#### EXERCISE MATERIAL ####
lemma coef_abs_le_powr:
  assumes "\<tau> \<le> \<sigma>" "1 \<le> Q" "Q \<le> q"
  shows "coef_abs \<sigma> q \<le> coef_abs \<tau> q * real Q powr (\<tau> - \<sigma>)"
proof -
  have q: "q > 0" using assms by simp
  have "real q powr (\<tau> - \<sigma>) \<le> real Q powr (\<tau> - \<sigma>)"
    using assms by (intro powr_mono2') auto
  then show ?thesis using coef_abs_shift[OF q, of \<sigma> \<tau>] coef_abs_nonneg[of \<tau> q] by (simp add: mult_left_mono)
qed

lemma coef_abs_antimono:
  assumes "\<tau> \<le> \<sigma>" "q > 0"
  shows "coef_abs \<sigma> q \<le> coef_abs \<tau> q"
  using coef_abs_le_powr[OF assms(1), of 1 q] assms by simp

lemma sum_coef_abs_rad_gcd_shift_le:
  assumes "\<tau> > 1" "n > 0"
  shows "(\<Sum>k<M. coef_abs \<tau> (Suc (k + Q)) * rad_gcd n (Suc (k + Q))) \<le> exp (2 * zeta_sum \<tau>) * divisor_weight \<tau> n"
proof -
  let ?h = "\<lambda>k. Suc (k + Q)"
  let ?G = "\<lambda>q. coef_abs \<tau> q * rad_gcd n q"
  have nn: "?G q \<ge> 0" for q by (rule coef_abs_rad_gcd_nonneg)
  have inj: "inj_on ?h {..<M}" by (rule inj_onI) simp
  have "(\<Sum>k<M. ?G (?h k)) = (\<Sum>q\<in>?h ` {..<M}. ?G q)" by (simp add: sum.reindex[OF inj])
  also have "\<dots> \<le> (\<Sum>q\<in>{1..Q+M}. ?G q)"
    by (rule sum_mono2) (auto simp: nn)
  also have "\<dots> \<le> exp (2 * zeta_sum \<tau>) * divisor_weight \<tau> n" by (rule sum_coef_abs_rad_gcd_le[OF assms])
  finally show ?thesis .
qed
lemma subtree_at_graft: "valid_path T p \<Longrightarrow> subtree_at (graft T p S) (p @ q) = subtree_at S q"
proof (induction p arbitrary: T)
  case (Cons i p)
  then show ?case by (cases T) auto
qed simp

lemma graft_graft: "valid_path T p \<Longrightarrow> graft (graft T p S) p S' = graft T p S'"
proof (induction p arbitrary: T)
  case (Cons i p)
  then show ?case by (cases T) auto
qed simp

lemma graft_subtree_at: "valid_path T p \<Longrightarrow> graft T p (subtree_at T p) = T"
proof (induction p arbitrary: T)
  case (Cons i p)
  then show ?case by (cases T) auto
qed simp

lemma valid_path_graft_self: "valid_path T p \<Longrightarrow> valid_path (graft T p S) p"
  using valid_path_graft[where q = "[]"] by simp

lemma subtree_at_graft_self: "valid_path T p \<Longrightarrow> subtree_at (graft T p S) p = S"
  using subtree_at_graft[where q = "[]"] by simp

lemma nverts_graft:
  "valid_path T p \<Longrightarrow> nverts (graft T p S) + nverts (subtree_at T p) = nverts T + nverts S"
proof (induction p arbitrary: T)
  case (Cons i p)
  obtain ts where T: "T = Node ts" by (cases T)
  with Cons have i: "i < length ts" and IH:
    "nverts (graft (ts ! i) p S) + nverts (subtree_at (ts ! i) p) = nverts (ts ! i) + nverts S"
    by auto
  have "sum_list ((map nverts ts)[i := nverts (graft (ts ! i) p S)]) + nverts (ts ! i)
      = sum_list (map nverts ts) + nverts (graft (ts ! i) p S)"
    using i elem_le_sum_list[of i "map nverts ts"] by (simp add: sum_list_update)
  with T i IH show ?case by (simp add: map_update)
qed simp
####
#### EXERCISE MATERIAL ####
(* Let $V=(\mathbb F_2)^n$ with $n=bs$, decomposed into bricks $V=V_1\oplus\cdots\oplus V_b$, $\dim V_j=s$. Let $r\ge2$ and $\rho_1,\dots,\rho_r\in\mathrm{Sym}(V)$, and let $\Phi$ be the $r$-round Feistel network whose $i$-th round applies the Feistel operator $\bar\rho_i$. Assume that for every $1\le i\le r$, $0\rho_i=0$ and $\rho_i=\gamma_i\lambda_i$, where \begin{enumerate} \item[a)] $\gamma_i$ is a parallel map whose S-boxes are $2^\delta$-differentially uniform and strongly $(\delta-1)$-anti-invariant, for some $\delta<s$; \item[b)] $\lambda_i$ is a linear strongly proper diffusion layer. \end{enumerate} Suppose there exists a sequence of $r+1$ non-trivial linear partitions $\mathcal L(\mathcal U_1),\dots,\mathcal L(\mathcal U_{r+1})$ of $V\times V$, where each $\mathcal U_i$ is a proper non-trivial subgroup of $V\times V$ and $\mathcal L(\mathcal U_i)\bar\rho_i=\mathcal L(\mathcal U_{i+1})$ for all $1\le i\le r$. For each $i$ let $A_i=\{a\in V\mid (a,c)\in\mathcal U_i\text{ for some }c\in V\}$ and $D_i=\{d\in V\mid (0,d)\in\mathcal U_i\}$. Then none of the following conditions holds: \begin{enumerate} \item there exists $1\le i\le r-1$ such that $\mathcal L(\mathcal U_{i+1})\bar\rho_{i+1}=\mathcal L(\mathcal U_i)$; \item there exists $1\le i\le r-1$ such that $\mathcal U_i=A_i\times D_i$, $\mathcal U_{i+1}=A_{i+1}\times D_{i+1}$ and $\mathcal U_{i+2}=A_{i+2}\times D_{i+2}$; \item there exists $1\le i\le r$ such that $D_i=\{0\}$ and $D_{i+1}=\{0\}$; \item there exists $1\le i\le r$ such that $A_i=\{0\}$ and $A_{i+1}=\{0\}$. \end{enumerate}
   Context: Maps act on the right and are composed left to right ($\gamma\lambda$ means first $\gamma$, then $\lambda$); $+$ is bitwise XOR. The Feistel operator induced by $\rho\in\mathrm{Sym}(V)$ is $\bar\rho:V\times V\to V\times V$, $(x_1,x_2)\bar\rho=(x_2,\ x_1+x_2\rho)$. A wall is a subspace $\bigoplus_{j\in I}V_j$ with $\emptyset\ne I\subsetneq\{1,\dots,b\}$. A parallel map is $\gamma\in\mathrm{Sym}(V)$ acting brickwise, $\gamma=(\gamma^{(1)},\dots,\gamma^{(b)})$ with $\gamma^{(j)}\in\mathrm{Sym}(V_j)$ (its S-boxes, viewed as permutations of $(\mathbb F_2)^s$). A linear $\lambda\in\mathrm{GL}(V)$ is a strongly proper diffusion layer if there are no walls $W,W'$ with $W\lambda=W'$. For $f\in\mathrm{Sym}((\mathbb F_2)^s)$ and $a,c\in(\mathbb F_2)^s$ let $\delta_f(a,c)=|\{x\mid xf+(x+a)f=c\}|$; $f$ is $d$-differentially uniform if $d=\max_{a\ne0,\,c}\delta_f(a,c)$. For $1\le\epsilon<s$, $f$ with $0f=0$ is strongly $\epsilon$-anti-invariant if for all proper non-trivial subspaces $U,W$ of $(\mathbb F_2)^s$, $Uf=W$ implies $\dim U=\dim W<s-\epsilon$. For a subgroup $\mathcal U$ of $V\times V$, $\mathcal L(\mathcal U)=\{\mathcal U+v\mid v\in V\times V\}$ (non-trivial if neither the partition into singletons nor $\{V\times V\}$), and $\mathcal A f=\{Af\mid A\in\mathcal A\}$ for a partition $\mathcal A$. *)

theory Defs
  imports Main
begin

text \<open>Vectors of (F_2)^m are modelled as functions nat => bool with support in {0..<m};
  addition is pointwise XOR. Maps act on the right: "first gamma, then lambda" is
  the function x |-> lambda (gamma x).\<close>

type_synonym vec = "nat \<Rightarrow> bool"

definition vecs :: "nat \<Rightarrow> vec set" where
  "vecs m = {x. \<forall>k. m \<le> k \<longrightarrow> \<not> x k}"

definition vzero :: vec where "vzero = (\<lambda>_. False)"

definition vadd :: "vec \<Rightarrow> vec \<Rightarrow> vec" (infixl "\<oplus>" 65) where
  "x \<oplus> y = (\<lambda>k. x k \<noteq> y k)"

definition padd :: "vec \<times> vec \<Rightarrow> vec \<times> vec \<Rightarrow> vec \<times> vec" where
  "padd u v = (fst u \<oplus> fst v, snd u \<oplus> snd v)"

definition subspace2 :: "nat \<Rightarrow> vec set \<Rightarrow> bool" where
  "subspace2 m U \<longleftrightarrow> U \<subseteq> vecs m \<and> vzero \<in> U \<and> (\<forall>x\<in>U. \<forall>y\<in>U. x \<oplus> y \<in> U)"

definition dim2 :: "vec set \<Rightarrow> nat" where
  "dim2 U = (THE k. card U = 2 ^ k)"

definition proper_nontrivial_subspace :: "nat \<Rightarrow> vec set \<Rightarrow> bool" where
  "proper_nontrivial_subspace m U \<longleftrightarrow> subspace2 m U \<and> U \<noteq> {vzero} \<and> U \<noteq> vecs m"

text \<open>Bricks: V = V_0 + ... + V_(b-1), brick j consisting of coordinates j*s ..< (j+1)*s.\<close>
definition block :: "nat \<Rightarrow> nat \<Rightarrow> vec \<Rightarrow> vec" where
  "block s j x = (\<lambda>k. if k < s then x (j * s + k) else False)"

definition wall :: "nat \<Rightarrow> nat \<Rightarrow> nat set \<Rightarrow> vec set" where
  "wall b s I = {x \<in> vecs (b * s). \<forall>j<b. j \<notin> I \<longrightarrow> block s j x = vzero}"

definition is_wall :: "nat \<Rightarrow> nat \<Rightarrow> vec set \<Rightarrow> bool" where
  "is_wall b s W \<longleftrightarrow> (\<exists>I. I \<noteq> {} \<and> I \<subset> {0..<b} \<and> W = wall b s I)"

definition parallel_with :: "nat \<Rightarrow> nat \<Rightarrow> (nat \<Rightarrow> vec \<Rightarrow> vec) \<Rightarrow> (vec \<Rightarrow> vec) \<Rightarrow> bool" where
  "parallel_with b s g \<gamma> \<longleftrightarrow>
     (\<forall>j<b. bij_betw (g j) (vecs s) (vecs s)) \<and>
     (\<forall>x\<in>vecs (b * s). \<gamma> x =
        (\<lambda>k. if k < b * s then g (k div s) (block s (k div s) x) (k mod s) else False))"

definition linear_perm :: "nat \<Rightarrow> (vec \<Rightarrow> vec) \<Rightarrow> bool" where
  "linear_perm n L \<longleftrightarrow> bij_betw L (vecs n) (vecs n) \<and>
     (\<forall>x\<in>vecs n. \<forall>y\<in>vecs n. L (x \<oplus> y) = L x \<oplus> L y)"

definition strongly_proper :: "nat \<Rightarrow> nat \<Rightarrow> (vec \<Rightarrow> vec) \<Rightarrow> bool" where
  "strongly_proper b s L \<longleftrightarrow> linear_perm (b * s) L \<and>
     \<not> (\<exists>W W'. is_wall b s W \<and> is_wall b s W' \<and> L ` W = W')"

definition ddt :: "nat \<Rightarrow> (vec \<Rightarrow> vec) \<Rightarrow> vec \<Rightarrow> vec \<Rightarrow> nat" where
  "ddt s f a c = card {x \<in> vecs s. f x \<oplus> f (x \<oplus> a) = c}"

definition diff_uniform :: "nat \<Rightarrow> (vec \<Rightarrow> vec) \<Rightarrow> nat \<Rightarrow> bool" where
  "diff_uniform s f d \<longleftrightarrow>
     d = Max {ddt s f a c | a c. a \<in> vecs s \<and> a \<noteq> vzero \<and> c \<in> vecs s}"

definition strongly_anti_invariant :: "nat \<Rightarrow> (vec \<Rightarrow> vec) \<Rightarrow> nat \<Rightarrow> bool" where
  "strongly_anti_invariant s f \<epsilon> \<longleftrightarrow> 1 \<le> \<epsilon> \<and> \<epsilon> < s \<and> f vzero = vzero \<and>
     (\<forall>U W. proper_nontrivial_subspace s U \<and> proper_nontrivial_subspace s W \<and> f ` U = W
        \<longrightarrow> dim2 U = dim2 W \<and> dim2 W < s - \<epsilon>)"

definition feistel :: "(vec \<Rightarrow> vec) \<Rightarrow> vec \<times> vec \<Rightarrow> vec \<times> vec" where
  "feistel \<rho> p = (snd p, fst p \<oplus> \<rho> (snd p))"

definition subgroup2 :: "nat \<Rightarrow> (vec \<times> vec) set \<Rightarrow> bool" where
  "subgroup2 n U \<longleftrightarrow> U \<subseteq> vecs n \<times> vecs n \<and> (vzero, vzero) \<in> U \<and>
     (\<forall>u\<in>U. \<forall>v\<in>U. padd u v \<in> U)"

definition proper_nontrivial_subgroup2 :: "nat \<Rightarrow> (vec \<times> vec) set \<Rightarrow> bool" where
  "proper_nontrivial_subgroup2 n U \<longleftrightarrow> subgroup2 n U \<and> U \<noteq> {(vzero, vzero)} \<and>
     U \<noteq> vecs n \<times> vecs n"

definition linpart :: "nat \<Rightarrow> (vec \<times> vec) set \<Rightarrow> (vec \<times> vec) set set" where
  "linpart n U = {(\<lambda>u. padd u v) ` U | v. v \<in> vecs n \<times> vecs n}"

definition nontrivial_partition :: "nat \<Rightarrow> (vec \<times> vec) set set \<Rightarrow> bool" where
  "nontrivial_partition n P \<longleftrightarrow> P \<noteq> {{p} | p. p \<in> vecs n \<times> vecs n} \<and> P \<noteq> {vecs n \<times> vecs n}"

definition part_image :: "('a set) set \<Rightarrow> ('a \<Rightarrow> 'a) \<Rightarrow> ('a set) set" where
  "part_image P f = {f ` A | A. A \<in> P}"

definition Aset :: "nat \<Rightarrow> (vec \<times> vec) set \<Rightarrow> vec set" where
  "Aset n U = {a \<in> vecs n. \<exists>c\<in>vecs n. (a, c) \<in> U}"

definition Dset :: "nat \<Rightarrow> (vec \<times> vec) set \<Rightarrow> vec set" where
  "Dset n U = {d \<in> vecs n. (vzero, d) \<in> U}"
####
#### EXERCISE MATERIAL ####
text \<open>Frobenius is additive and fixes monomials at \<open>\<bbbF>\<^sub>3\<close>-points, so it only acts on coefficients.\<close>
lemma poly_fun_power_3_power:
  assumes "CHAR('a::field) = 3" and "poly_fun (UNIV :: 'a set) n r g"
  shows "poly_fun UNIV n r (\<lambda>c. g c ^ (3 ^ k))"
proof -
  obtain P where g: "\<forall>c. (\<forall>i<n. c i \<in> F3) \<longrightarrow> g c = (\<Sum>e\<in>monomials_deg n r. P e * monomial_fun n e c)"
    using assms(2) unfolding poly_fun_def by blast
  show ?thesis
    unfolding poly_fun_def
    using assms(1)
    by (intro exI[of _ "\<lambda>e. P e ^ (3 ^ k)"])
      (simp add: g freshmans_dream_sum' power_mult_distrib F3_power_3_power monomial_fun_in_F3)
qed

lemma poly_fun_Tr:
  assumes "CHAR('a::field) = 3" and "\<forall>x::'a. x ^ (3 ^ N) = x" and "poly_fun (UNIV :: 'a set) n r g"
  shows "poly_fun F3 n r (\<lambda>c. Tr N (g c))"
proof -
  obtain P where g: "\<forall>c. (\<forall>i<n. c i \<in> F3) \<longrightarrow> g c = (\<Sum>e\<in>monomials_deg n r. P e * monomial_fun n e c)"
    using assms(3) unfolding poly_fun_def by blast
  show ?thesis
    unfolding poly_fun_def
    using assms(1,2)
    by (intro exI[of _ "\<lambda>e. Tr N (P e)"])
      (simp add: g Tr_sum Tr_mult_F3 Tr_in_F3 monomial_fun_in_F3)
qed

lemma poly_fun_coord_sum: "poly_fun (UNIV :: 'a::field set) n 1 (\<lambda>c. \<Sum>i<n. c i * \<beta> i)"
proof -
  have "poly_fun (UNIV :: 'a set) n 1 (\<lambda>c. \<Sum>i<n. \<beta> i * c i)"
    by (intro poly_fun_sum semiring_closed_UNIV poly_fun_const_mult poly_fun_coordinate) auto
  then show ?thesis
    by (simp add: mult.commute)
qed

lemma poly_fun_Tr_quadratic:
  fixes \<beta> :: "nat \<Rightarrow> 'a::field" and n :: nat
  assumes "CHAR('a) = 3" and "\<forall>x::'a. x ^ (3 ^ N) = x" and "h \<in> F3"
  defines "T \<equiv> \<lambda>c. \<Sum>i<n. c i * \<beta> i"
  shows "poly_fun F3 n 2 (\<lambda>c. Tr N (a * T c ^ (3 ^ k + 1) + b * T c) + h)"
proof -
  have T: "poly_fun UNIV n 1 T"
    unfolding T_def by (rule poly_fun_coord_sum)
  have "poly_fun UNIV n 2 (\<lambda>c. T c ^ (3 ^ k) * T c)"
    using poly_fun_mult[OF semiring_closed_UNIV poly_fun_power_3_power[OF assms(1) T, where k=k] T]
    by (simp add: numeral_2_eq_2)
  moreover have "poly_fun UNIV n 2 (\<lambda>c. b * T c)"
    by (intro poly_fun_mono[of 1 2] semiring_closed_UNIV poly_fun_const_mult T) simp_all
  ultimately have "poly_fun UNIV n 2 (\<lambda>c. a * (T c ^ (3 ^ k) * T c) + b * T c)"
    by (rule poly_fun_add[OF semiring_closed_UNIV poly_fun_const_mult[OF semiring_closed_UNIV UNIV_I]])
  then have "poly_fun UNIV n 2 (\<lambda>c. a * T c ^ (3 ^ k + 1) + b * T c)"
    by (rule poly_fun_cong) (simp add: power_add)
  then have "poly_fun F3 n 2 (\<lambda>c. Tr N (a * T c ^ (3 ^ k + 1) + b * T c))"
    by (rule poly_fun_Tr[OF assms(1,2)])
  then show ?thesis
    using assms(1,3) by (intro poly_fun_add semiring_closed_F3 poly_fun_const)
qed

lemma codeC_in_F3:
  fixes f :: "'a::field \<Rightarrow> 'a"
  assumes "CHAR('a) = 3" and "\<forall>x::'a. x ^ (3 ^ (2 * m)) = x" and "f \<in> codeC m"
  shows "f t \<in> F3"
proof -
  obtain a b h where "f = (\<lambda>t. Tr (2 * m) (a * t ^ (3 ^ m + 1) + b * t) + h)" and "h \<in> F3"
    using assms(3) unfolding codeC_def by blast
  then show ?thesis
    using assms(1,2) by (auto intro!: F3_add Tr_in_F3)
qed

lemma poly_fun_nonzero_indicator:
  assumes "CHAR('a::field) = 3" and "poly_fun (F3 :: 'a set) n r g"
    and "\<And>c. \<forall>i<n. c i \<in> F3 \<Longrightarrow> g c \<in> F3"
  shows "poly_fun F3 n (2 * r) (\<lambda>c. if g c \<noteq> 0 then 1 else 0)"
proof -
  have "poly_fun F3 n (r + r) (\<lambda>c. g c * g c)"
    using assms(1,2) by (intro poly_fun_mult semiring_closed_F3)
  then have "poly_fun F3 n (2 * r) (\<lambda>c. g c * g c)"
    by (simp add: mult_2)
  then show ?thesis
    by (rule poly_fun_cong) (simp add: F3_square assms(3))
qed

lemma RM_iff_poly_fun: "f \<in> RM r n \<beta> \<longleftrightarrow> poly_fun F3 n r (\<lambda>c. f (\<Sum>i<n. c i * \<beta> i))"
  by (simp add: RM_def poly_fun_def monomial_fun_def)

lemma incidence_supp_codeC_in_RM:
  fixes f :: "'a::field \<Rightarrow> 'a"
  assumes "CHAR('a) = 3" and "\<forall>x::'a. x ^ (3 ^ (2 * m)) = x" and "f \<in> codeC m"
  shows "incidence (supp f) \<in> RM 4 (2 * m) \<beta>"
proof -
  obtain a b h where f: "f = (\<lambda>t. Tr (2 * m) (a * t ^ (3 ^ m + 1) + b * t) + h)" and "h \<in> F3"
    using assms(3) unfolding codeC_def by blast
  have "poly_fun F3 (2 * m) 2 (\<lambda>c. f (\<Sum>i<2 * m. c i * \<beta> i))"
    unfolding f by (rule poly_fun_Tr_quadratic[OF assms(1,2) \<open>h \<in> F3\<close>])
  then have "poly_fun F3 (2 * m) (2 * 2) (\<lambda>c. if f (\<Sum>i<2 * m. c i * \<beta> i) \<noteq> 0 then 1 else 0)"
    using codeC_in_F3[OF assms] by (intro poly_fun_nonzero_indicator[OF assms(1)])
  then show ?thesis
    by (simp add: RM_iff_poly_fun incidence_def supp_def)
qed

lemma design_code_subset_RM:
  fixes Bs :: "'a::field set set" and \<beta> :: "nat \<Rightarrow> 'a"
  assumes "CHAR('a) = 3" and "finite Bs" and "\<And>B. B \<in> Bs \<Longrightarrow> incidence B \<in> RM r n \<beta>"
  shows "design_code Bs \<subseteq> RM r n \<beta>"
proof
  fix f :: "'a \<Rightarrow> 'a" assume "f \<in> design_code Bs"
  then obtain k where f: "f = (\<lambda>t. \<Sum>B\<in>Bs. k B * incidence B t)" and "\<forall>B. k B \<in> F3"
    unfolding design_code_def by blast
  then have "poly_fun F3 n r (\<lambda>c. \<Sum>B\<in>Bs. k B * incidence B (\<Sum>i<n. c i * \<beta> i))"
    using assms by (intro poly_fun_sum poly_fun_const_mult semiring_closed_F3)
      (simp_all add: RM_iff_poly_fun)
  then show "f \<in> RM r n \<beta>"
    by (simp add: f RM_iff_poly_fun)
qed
####
_REQUIRED WORK_: In the records above, how many lines hold the string "card"? Only the number should be given.

_REPLY_: 2